Viele Frauen aus den Reihen der FARC berichten mit Wehmut von der Guerilla. Männer und Frauen hatten die gleichen Aufgaben, als Frauen haben sie sich Respekt erkämpft. Elena ist 32 Jahre alt und ist an ihrem 18. Geburtstag der FARC beigetreten. In einer Fotogalerie im Lager ist auch sie zu sehen – bewaffnet und in Uniform. Hier hängen Bilder von Frauen. Man sieht sie bei der Ankunft in den Zonen, der Waffenabgabe und zu Veranstaltungen. Am 8. März, zum Internationalen Frauentag, gab es ein großes Fest.
Vielleicht brauchen die ehemaligen Kämpferinnen diese Prise Romantik in Anbetracht der Herausforderungen im zivilen Leben. Denn heute leben viele von ihnen in den klassischen Rollenmustern. Selbst Elena, die sich als Feministin beschreibt und im Gender-Komitee der FARC ist, macht den Haushalt allein.

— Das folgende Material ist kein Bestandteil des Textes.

(* Let $n\ge 2$ and $i\neq j$ in $\{1,\dots,n\}$. Let $H_{ij}$ be the space of $n\times n$ complex matrices that are zero outside the entries $(k,l)$ with $k\le i$ and $l\ge j$, i.e. $H_{ij}=\operatorname{span}\{E_{kl}: k\le i,\ l\ge j\}$. Let $w$ be the permutation matrix that has $e_n$ in column $j$, $e_1$ in column $i$, and the remaining vectors $e_{n-1},e_{n-2},\dots,e_2$ placed in decreasing order in the remaining columns (from left to right). Then $X_{H_{ij}}=Y_w$, where $X_{H_{ij}}=\{[g]\in GL_n(\mathbb{C})/B: g^{-1}E_{1n}g\in H_{ij}\}$.
   Context: $B$ is the group of invertible upper-triangular $n\times n$ complex matrices; $[g]\in GL_n(\mathbb{C})/B$ denotes the flag whose $k$-dimensional subspace is spanned by the first $k$ columns of $g$. $E_{kl}$ is the matrix unit with $1$ in entry $(k,l)$ and zeros elsewhere; $e_1,\dots,e_n$ is the standard basis of $\mathbb{C}^n$. For a permutation matrix $w$, the Schubert variety $Y_w$ is the closure of $\{[bw]: b\in B\}$. *)

theory Defs
  imports "HOL-Analysis.Analysis"
begin

text \<open>Complex n x n matrices are represented as functions nat => nat => complex,
  with entries indexed by 1..n and all other entries zero. The topology on
  matrices is the (product) topology of nat => nat => complex, restricted to
  such functions; this is the Euclidean topology of C^(n*n).\<close>

type_synonym cmat = "nat \<Rightarrow> nat \<Rightarrow> complex"

definition is_mat :: "nat \<Rightarrow> cmat \<Rightarrow> bool" where
  "is_mat n A \<longleftrightarrow> (\<forall>k l. A k l \<noteq> 0 \<longrightarrow> k \<in> {1..n} \<and> l \<in> {1..n})"

definition mat_mult :: "nat \<Rightarrow> cmat \<Rightarrow> cmat \<Rightarrow> cmat" where
  "mat_mult n A C = (\<lambda>k l. if k \<in> {1..n} \<and> l \<in> {1..n} then (\<Sum>m=1..n. A k m * C m l) else 0)"

definition idm :: "nat \<Rightarrow> cmat" where
  "idm n = (\<lambda>k l. if k = l \<and> k \<in> {1..n} then 1 else 0)"

definition GL :: "nat \<Rightarrow> cmat set" where
  "GL n = {g. is_mat n g \<and> (\<exists>h. is_mat n h \<and> mat_mult n g h = idm n \<and> mat_mult n h g = idm n)}"

definition minv :: "nat \<Rightarrow> cmat \<Rightarrow> cmat" where
  "minv n g = (THE h. is_mat n h \<and> mat_mult n g h = idm n \<and> mat_mult n h g = idm n)"

definition Borel :: "nat \<Rightarrow> cmat set" where
  "Borel n = {b \<in> GL n. \<forall>k l. l < k \<longrightarrow> b k l = 0}"

definition flag_of :: "nat \<Rightarrow> cmat \<Rightarrow> cmat set" where
  "flag_of n g = {mat_mult n g b | b. b \<in> Borel n}"

definition FlagVar :: "nat \<Rightarrow> cmat set set" where
  "FlagVar n = flag_of n ` GL n"

definition flag_top :: "nat \<Rightarrow> cmat set topology" where
  "flag_top n = topology (\<lambda>U. U \<subseteq> FlagVar n \<and> openin (top_of_set (GL n)) (\<Union>U))"

definition Eunit :: "nat \<Rightarrow> nat \<Rightarrow> cmat" where
  "Eunit k l = (\<lambda>a b. if a = k \<and> b = l then 1 else 0)"

definition Hsp :: "nat \<Rightarrow> nat \<Rightarrow> nat \<Rightarrow> cmat set" where
  "Hsp n i j = {A. is_mat n A \<and> (\<forall>k l. A k l \<noteq> 0 \<longrightarrow> k \<le> i \<and> j \<le> l)}"

definition XH :: "nat \<Rightarrow> cmat set \<Rightarrow> cmat set set" where
  "XH n H = {flag_of n g | g. g \<in> GL n \<and> mat_mult n (minv n g) (mat_mult n (Eunit 1 n) g) \<in> H}"

definition perm_mat :: "nat \<Rightarrow> (nat \<Rightarrow> nat) \<Rightarrow> cmat" where
  "perm_mat n \<sigma> = (\<lambda>k l. if l \<in> {1..n} \<and> k = \<sigma> l then 1 else 0)"

text \<open>sigma(j) = n, sigma(i) = 1, the remaining columns (left to right) get
  n-1, n-2, ..., 2: the r-th remaining column gets n - r.\<close>
definition w_sigma :: "nat \<Rightarrow> nat \<Rightarrow> nat \<Rightarrow> nat \<Rightarrow> nat" where
  "w_sigma n i j c = (if c = j then n else if c = i then 1
     else n - card {c' \<in> {1..c}. c' \<noteq> i \<and> c' \<noteq> j})"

Warum? „Weil mein Mann auf dem Feld arbeitet und es mir leichterfällt.“ Sie kocht, wäscht und putzt und kümmert sich danach um die politische Arbeit. Allein das ist im Vergleich zum Rest des Landes schon ein Fortschritt.

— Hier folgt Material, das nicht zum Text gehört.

(* Let $A\in\mathbb{R}^{m\times n}$, $B\in\mathbb{R}^{p\times n}$ with $\mathrm{rank}(B)=p\le n$, $b\in\mathbb{R}^m$, $d\in\mathbb{R}^p$, and suppose the polyhedral convex set $D:=\{x\in\mathbb{R}^n\mid Ax\ge b,\ Bx=d\}$ is nonempty. Fix $x\in\mathbb{R}^n$, and let $I(x)$, $\mathcal{D}(x)$ and $\mathcal{P}(x)$ be as defined in the context. Define \[ P_0:=I_n-[A_{I(x)}^T\ B^T]\left(\begin{bmatrix}A_{I(x)}\\ B\end{bmatrix}[A_{I(x)}^T\ B^T]\right)^{\dagger}\begin{bmatrix}A_{I(x)}\\ B\end{bmatrix}. \] Then $P_0\in\mathcal{P}(x)$.
   Context: $\Pi_D(x)$ denotes the Euclidean projection of $x$ onto $D$, $I_n$ the $n\times n$ identity, $N^\dagger$ the Moore–Penrose pseudo-inverse. For an index set $K\subseteq\{1,\dots,m\}$, $A_K$ is the submatrix of $A$ formed by the rows indexed by $K$, and $A_i$ is the $i$th row of $A$. Define $M(x)$ as the set of $(\lambda,\mu)\in\mathbb{R}^m\times\mathbb{R}^p$ such that $\Pi_D(x)-x+A^T\lambda+B^T\mu=0$, $A\Pi_D(x)-b\ge0$, $B\Pi_D(x)-d=0$, $\lambda\le0$, $\lambda^T(A\Pi_D(x)-b)=0$. Let $I(x):=\{i\in\{1,\dots,m\}\mid A_i\Pi_D(x)=b_i\}$. Let $\mathcal{D}(x)$ be the collection of index sets $K\subseteq\{1,\dots,m\}$ such that there exists $(\lambda,\mu)\in M(x)$ with $\mathrm{supp}(\lambda)\subseteq K\subseteq I(x)$ (where $\mathrm{supp}(\lambda)=\{i:\lambda_i\neq0\}$) and $[A_K^T\ B^T]$ has full column rank. Finally \[ \mathcal{P}(x):=\left\{I_n-[A_K^T\ B^T]\left(\begin{bmatrix}A_K\\ B\end{bmatrix}[A_K^T\ B^T]\right)^{-1}\begin{bmatrix}A_K\\ B\end{bmatrix}\ \middle|\ K\in\mathcal{D}(x)\right\}. \] *)

theory Defs
  imports "Jordan_Normal_Form.DL_Rank" "Jordan_Normal_Form.DL_Submatrix"
          "Jordan_Normal_Form.Gauss_Jordan_Elimination"
begin

(* Matrices/vectors are Jordan_Normal_Form 'real mat' / 'real vec'; indices are 0-based,
   so the row index set is {0..<m} instead of {1..m}. *)

definition pinv :: "real mat \<Rightarrow> real mat" where
  "pinv N = (THE X. X \<in> carrier_mat (dim_col N) (dim_row N) \<and>
                   N * X * N = N \<and> X * N * X = X \<and>
                   transpose_mat (N * X) = N * X \<and> transpose_mat (X * N) = X * N)"

definition full_col_rank :: "real mat \<Rightarrow> bool" where
  "full_col_rank N \<longleftrightarrow> vec_space.rank (dim_row N) N = dim_col N"

definition polyD :: "nat \<Rightarrow> real mat \<Rightarrow> real vec \<Rightarrow> real mat \<Rightarrow> real vec \<Rightarrow> real vec set" where
  "polyD n A b B d = {y \<in> carrier_vec n. (\<forall>i<dim_row A. (A *\<^sub>v y) $ i \<ge> b $ i) \<and> B *\<^sub>v y = d}"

Es gibt bisher kaum Beziehungen zwischen Ehemaligen und zivilen Männern. Die Männer außerhalb seien Machos, klagt Rita: „Ich habe doch nicht jahrzehntelang mein Leben riskiert, um jetzt einem Kerl seine Unterhose zu waschen.“ Aber genau das erwarten die meisten. Und auch die ehemaligen FARC-Kämpfer gewöhnen sich in den Beziehungen mit zivilen Frauen schnell wieder an den Machismo.

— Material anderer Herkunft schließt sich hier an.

(* For every contractor network and every $t\ge2$, $$\|\mathbf m^t-\mathbf m\|\le\Big(1+\frac{2}{1-\|(\mathbf A\mathbf W)^2\|}\Big)\,\|\mathbf r\|\,\|(\mathbf A\mathbf W)^2\|^{\lfloor t/2\rfloor}.$$ Moreover, if $G$ is acyclic (contains no directed cycle, including no self-loop) and $d>0$ denotes the maximum number of edges in a directed path of $G$, then $m_i^t=m_i$ for all $t\ge d$ and all $i\in\mathcal V$.
   Context: A contractor network is a finite directed graph $G=(\mathcal V,\mathcal E)$ with $n=|\mathcal V|$ nodes, without multiple edges (self-loops and directed cycles are allowed in general), in which every node has at least one incident edge. For $i\in\mathcal V$ let $\delta_{\mathrm{in}}(i)=\{j:(j,i)\in\mathcal E\}$ and $\delta_{\mathrm{out}}(i)=\{k:(i,k)\in\mathcal E\}$. A node $i$ is a pure principal if $\delta_{\mathrm{in}}(i)=\emptyset$, a pure obligee if $\delta_{\mathrm{out}}(i)=\emptyset$, and an intermediary otherwise. Each edge $(j,i)\in\mathcal E$ carries a weight $w_{ij}>0$; set $w_{ij}=0$ if $(j,i)\notin\mathcal E$; for every node $i$ with $\delta_{\mathrm{in}}(i)\neq\emptyset$ we have $\sum_{j\in\delta_{\mathrm{in}}(i)}w_{ij}=1$. Let $\mathbf W=(w_{ij})$. Each node has a risk score $r_i$, with $r_i\in(0,1)$ if $i$ is not a pure obligee and $r_i=0$ if $i$ is a pure obligee; $\mathbf r=(r_i)_i$. Propagation parameters: $\alpha_i=0$ for pure principals, $\alpha_i=1$ for pure obligees, $\alpha_i\in(0,1)$ for intermediaries; $\mathbf A=\mathrm{diag}(\alpha_i)$. The mean failure probabilities are defined by $\mathbf m^0=\mathbf r$ and $\mathbf m^{t+1}=(\mathbf I-\mathbf A)\mathbf r+\mathbf A\mathbf W\mathbf m^t$ (these are $m_i^t=\mathbb E[X_i^t]$ for the failure process where the $X_i^0\sim\mathrm{Bernoulli}(r_i)$ are independent and, conditionally on the past, $X_i^{t+1}\sim\mathrm{Bernoulli}((1-\alpha_i)r_i+\alpha_i\sum_j w_{ij}X_j^t)$ independently over $i$), and $\mathbf m=\lim_t\mathbf m^t=(\mathbf I-\mathbf A\mathbf W)^{-1}(\mathbf I-\mathbf A)\mathbf r$. Norms: $\|\mathbf x\|=\max_i|x_i|$ for vectors and $\|\mathbf M\|$ = induced $\ell_\infty$ norm (maximum absolute row sum) for matrices. *)

theory Defs
  imports "HOL-Analysis.Analysis"
begin

text \<open>Nodes are the elements of a finite type 'n. An edge from j to i is the pair (j,i) in E.
  Weights: W $ i $ j = w_ij. Infinity norms are defined explicitly (max abs / max abs row sum).\<close>

definition vnorm_inf :: "real ^ 'n \<Rightarrow> real" where
  "vnorm_inf x = Max (range (\<lambda>i. \<bar>x $ i\<bar>))"

definition mnorm_inf :: "real ^ 'n ^ 'm \<Rightarrow> real" where
  "mnorm_inf M = Max (range (\<lambda>i. \<Sum>j\<in>UNIV. \<bar>M $ i $ j\<bar>))"

definition diag_mat :: "real ^ 'n \<Rightarrow> real ^ 'n ^ 'n" where
  "diag_mat a = (\<chi> i j. if i = j then a $ i else 0)"

primrec mean_fail :: "real ^ 'n ^ 'n \<Rightarrow> real ^ 'n ^ 'n \<Rightarrow> real ^ 'n \<Rightarrow> nat \<Rightarrow> real ^ 'n" where
  "mean_fail A W r 0 = r"
| "mean_fail A W r (Suc t) = (mat 1 - A) *v r + (A ** W) *v mean_fail A W r t"

definition contractor_network ::
  "('n::finite \<times> 'n) set \<Rightarrow> real ^ 'n ^ 'n \<Rightarrow> real ^ 'n \<Rightarrow> real ^ 'n \<Rightarrow> bool" where
  "contractor_network E W r \<alpha> \<longleftrightarrow>
     (\<forall>i. \<exists>j. (j, i) \<in> E \<or> (i, j) \<in> E) \<and>
     (\<forall>i j. (j, i) \<in> E \<longrightarrow> W $ i $ j > 0) \<and>
     (\<forall>i j. (j, i) \<notin> E \<longrightarrow> W $ i $ j = 0) \<and>
     (\<forall>i. (\<exists>j. (j, i) \<in> E) \<longrightarrow> (\<Sum>j\<in>UNIV. W $ i $ j) = 1) \<and>
     (\<forall>i. (\<exists>k. (i, k) \<in> E) \<longrightarrow> 0 < r $ i \<and> r $ i < 1) \<and>
     (\<forall>i. (\<nexists>k. (i, k) \<in> E) \<longrightarrow> r $ i = 0) \<and>
     (\<forall>i. (\<nexists>j. (j, i) \<in> E) \<longrightarrow> \<alpha> $ i = 0) \<and>
     (\<forall>i. (\<nexists>k. (i, k) \<in> E) \<longrightarrow> \<alpha> $ i = 1) \<and>
     (\<forall>i. (\<exists>j. (j, i) \<in> E) \<and> (\<exists>k. (i, k) \<in> E) \<longrightarrow> 0 < \<alpha> $ i \<and> \<alpha> $ i < 1)"

definition acyclic_graph :: "('n \<times> 'n) set \<Rightarrow> bool" where
  "acyclic_graph E \<longleftrightarrow> (\<forall>i. (i, i) \<notin> E\<^sup>+)"

definition is_dpath :: "('n \<times> 'n) set \<Rightarrow> 'n list \<Rightarrow> bool" where
  "is_dpath E p \<longleftrightarrow> p \<noteq> [] \<and> (\<forall>k. Suc k < length p \<longrightarrow> (p ! k, p ! Suc k) \<in> E)"

definition max_path_edges :: "('n \<times> 'n) set \<Rightarrow> nat" where
  "max_path_edges E = Max {length p - 1 | p. is_dpath E p}"

end

theory Submission
  imports Defs
begin

(*
  Write B = A W and c = (I - A) r, so that m^(t+1) = c + B m^t.  Row i of |B| sums to
  \<alpha>_i \<le> 1, and row i of B^2 sums to \<Sum>_k B_ik \<alpha>_k, which is below 1 because every
  in-neighbour of a pure obligee has an out-edge.  Hence q = \<parallel>B^2\<parallel> < 1, I - B is invertible,
  m = c + B m, and the error m^t - m = B^t (r - m) shrinks by q every two steps, while
  m = c + B c + B^2 m gives \<parallel>m\<parallel> \<le> 2 \<parallel>r\<parallel> / (1 - q).
  For acyclic G, node i only sees the iterates of its in-neighbours, so by induction on the
  number of nodes of the longest path ending in i the iteration is constant from step d on;
  a constant iterate is a fixed point, hence equals m.
*)

lemma vnorm_inf_ge: "\<bar>x $ i\<bar> \<le> vnorm_inf x"
  unfolding vnorm_inf_def by (rule Max_ge) auto

lemma vnorm_inf_le: "(\<And>i. \<bar>x $ i\<bar> \<le> c) \<Longrightarrow> vnorm_inf (x::real^'n) \<le> c"
  unfolding vnorm_inf_def by (subst Max_le_iff) auto

lemma vnorm_inf_nonneg: "0 \<le> vnorm_inf x"
  using vnorm_inf_ge[of x] abs_ge_zero order_trans by blast

lemma vnorm_inf_eq_0_iff: "vnorm_inf (x::real^'n) = 0 \<longleftrightarrow> x = 0"
proof
  assume "vnorm_inf x = 0"
  then show "x = 0"
    using vnorm_inf_ge[of x] by (simp add: vec_eq_iff)
qed (simp add: vnorm_inf_def)

lemma vnorm_inf_add_le: "vnorm_inf (x + y) \<le> vnorm_inf x + vnorm_inf (y::real^'n)"
  by (rule vnorm_inf_le) (smt (verit) vector_add_component vnorm_inf_ge)

lemma vnorm_inf_diff_le: "vnorm_inf (x - y) \<le> vnorm_inf x + vnorm_inf (y::real^'n)"
  by (rule vnorm_inf_le) (smt (verit) vector_minus_component vnorm_inf_ge)

lemma mnorm_inf_ge: "(\<Sum>j\<in>UNIV. \<bar>M $ i $ j\<bar>) \<le> mnorm_inf (M::real^'n^'m)"
  unfolding mnorm_inf_def by (rule Max_ge) auto

lemma mnorm_inf_le: "(\<And>i. (\<Sum>j\<in>UNIV. \<bar>M $ i $ j\<bar>) \<le> c) \<Longrightarrow> mnorm_inf (M::real^'n^'m) \<le> c"
  unfolding mnorm_inf_def by (subst Max_le_iff) auto

lemma mnorm_inf_less: "(\<And>i. (\<Sum>j\<in>UNIV. \<bar>M $ i $ j\<bar>) < c) \<Longrightarrow> mnorm_inf (M::real^'n^'m) < c"
  unfolding mnorm_inf_def by (subst Max_less_iff) auto

lemma mnorm_inf_nonneg: "0 \<le> mnorm_inf (M::real^'n^'m)"
  by (rule order_trans[OF sum_nonneg mnorm_inf_ge]) simp_all

lemma vnorm_inf_matrix_vector_mult_le:
  "vnorm_inf ((M::real^'n^'m) *v x) \<le> mnorm_inf M * vnorm_inf x"
proof (rule vnorm_inf_le)
  fix i
  have "\<bar>(M *v x) $ i\<bar> = \<bar>\<Sum>j\<in>UNIV. M $ i $ j * x $ j\<bar>"
    by (simp add: matrix_vector_mult_def)
  also have "\<dots> \<le> (\<Sum>j\<in>UNIV. \<bar>M $ i $ j\<bar> * \<bar>x $ j\<bar>)"
    by (rule order_trans[OF sum_abs]) (simp add: abs_mult)
  also have "\<dots> \<le> (\<Sum>j\<in>UNIV. \<bar>M $ i $ j\<bar> * vnorm_inf x)"
    by (rule sum_mono) (simp add: mult_left_mono vnorm_inf_ge)
  also have "\<dots> = (\<Sum>j\<in>UNIV. \<bar>M $ i $ j\<bar>) * vnorm_inf x"
    by (simp add: sum_distrib_right)
  also have "\<dots> \<le> mnorm_inf M * vnorm_inf x"
    by (rule mult_right_mono[OF mnorm_inf_ge vnorm_inf_nonneg])
  finally show "\<bar>(M *v x) $ i\<bar> \<le> mnorm_inf M * vnorm_inf x" .
qed

lemma matrix_inv_left:
  fixes M :: "'a::field^'n^'n"
  assumes "invertible M"
  shows "matrix_inv M ** M = mat 1"
  using someI_ex[OF assms[unfolded invertible_def]] unfolding matrix_inv_def by auto

lemma matrix_inv_right:
  fixes M :: "'a::field^'n^'n"
  assumes "invertible M"
  shows "M ** matrix_inv M = mat 1"
  using someI_ex[OF assms[unfolded invertible_def]] unfolding matrix_inv_def by auto

lemma invertible_one_minus_if_mnorm_inf_square_less_1:
  fixes B :: "real^'n^'n"
  assumes "mnorm_inf (B ** B) < 1"
  shows "invertible (mat 1 - B)"
proof -
  have "x = 0" if "(mat 1 - B) *v x = 0" for x
  proof -
    have "x = B *v x"
      using that by (simp add: matrix_vector_mult_diff_rdistrib)
    then have "x = (B ** B) *v x"
      by (metis matrix_vector_mul_assoc)
    then have "vnorm_inf x \<le> mnorm_inf (B ** B) * vnorm_inf x"
      by (metis vnorm_inf_matrix_vector_mult_le)
    then have "vnorm_inf x = 0"
      using assms vnorm_inf_nonneg[of x] by (smt (verit) mult_less_cancel_right2)
    then show "x = 0"
      by (simp add: vnorm_inf_eq_0_iff)
  qed
  then show ?thesis
    using matrix_left_invertible_ker invertible_left_inverse by blast
qed

lemma affine_fixed_point:
  fixes B :: "real^'n^'n"
  assumes "invertible (mat 1 - B)"
  shows "v = c + B *v v \<longleftrightarrow> v = matrix_inv (mat 1 - B) *v c"
proof -
  have "v = c + B *v v \<longleftrightarrow> (mat 1 - B) *v v = c"
    by (auto simp: matrix_vector_mult_diff_rdistrib algebra_simps)
  also have "\<dots> \<longleftrightarrow> v = matrix_inv (mat 1 - B) *v c"
    using matrix_inv_left[OF assms] matrix_inv_right[OF assms]
    by (metis matrix_vector_mul_assoc matrix_vector_mul_lid)
  finally show ?thesis .
qed

lemma affine_iteration_error_bound:
  fixes B :: "real^'n^'n"
  assumes x_Suc: "\<And>t. x (Suc t) = c + B *v x t"
    and fixed: "m = c + B *v m"
    and B_le: "mnorm_inf B \<le> 1"
  shows "vnorm_inf (x t - m) \<le> mnorm_inf (B ** B) ^ (t div 2) * vnorm_inf (x 0 - m)"
proof -
  define q where "q = mnorm_inf (B ** B)"
  have err_Suc: "x (Suc t) - m = B *v (x t - m)" for t
    using x_Suc fixed by (metis add_diff_cancel_left matrix_vector_mult_diff_distrib)
  have err_Suc_le: "vnorm_inf (x (Suc t) - m) \<le> vnorm_inf (x t - m)" for t
    unfolding err_Suc
    by (rule order_trans[OF vnorm_inf_matrix_vector_mult_le])
       (simp add: B_le mult_left_le_one_le vnorm_inf_nonneg mnorm_inf_nonneg)
  have err_Suc_Suc_le: "vnorm_inf (x (t + 2) - m) \<le> q * vnorm_inf (x t - m)" for t
    using vnorm_inf_matrix_vector_mult_le[of "B ** B" "x t - m"]
    by (simp add: q_def err_Suc matrix_vector_mul_assoc)
  show ?thesis
    unfolding q_def[symmetric]
  proof (induction t rule: nat_induct2)
    case 1 then show ?case using err_Suc_le[of 0] by simp
  next
    case (step t)
    have "vnorm_inf (x (t + 2) - m) \<le> q * (q ^ (t div 2) * vnorm_inf (x 0 - m))"
      using err_Suc_Suc_le[of t] mult_left_mono[OF step.IH] mnorm_inf_nonneg
      unfolding q_def by (meson order_trans)
    then show ?case by (simp add: mult.assoc)
  qed simp
qed

lemma affine_fixed_point_bound:
  fixes B :: "real^'n^'n"
  assumes fixed: "m = c + B *v m"
    and B_le: "mnorm_inf B \<le> 1" and B2_less: "mnorm_inf (B ** B) < 1"
  shows "vnorm_inf m \<le> 2 * vnorm_inf c / (1 - mnorm_inf (B ** B))"
proof -
  define q where "q = mnorm_inf (B ** B)"
  have "m = c + B *v c + (B ** B) *v m"
    using fixed by (metis add.assoc matrix_vector_mul_assoc matrix_vector_right_distrib)
  then have "vnorm_inf m \<le> vnorm_inf c + vnorm_inf (B *v c) + vnorm_inf ((B ** B) *v m)"
    by (metis vnorm_inf_add_le add_right_mono order_trans)
  also have "\<dots> \<le> 2 * vnorm_inf c + q * vnorm_inf m"
    using vnorm_inf_matrix_vector_mult_le[of B c] vnorm_inf_matrix_vector_mult_le[of "B ** B" m]
      mult_right_mono[OF B_le vnorm_inf_nonneg[of c]]
    unfolding q_def by linarith
  finally have "(1 - q) * vnorm_inf m \<le> 2 * vnorm_inf c"
    by (simp add: algebra_simps)
  then show ?thesis
    using B2_less unfolding q_def by (simp add: field_simps)
qed

lemma diag_mat_mult_nth: "(diag_mat a ** W) $ i $ j = a $ i * W $ i $ j"
  by (simp add: diag_mat_def matrix_matrix_mult_def if_distrib[of "\<lambda>z. z * _"] cong: if_cong)

lemma diag_mat_mult_vector_nth: "(diag_mat a *v x) $ i = a $ i * x $ i"
  by (simp add: diag_mat_def matrix_vector_mult_def if_distrib[of "\<lambda>z. z * _"] cong: if_cong)

lemma one_minus_diag_mat_mult_vector_nth: "((mat 1 - diag_mat a) *v x) $ i = (1 - a $ i) * x $ i"
  by (simp add: matrix_vector_mult_diff_rdistrib diag_mat_mult_vector_nth algebra_simps)


lemma contractor_network_alpha_bounds:
  assumes "contractor_network E W r \<alpha>"
  shows "0 \<le> \<alpha> $ i" "\<alpha> $ i \<le> 1"
  using assms unfolding contractor_network_def
  by (metis less_eq_real_def order_refl zero_le_one)+

lemma contractor_network_weight_nonneg:
  assumes "contractor_network E W r \<alpha>"
  shows "0 \<le> W $ i $ j"
  using assms unfolding contractor_network_def by (metis order_refl less_imp_le)

lemma contractor_network_row_sum:
  assumes net: "contractor_network E W r \<alpha>"
  shows "(\<Sum>j\<in>UNIV. \<bar>(diag_mat \<alpha> ** W) $ i $ j\<bar>) = \<alpha> $ i"
proof (cases "\<exists>j. (j, i) \<in> E")
  case True
  then have "(\<Sum>j\<in>UNIV. W $ i $ j) = 1"
    using net unfolding contractor_network_def by blast
  then show ?thesis
    using contractor_network_alpha_bounds[OF net] contractor_network_weight_nonneg[OF net]
    by (simp add: diag_mat_mult_nth abs_mult sum_distrib_left[symmetric])
next
  case False
  then have "\<alpha> $ i = 0"
    using net unfolding contractor_network_def by blast
  then show ?thesis
    by (simp add: diag_mat_mult_nth)
qed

„Ehemalige Guerilleros gelten als gute Beschützer und starke Typen. Uniformen machen sexy. Aber die Männer außerhalb haben vor Guerilleras Angst. Sie denken, wenn sie sich schlecht benehmen oder sich in eine andere verlieben, dann würden wir sie behandeln, wie Männer das tun würden“, sagt Rita. Männer haben also Angst vor Männlichkeit? So scheint es zu sein, das erklärt auch ein männlicher Genosse: „Die Zivilen haben Angst, dass die Ex-Kämpferin ihnen dann eine runterhaut oder Schlimmeres.“ Beziehungen sind auch in Kolumbien häufig gewaltvoll, dem entsprechen auch die Statistiken zu Feminiziden und sexualisierter Gewalt. Und Männer wollen auf das Recht des Stärkeren offenbar nicht verzichten, vermutet Elena.
Bewaffnet und geschminkt
Mehr als notwendig ist also die feministische Bewegung innerhalb der FARC. Auch die hat sich mit der Demobilisierung verändert. Für Rita bedeutet Feminismus, auch unter den Bedingungen des Krieges weiblich zu bleiben. „Wir waren Feministinnen, trotz Gleichheit und in Uniform haben wir unsere Weiblichkeit nicht verloren.“ Unterstützungsgruppen aus der Stadt haben sie sogar mit Kosmetik und Schmuck versorgt. „Damit wir zwischen den Aufgaben des Alltags und den Gefechten unsere feminine Art nicht aufgeben mussten“, erklärt sie. Und tatsächlich sind die schwer bewaffneten Frauen auf den Fotos außergewöhnlich gut gekleidet, geschminkt, haben die Haare zurechtgemacht, die Fingernägel lackiert.
In den Bergen waren Männer und Frauen in der Praxis gleichgestellt, aber es gab kaum Auseinandersetzungen mit feministischer Theorie. „Das hat erst während der Friedensverhandlungen angefangen“, erklärt Elena. So entstand der feminismo insurgente, der Guerillafeminismus. „Wir identifizieren uns mit den feministischen Theorien und fügen ihnen unsere Praxis hinzu.“ Daraus folgt für sie: Ohne Frauen wird es keinen Kampf gegen den Kapitalismus geben, denn das Patriarchat ist ein Teil dieses Systems. Weder der Körper der Frau noch das Land dürfen zu einem Territorium für Eroberungen werden.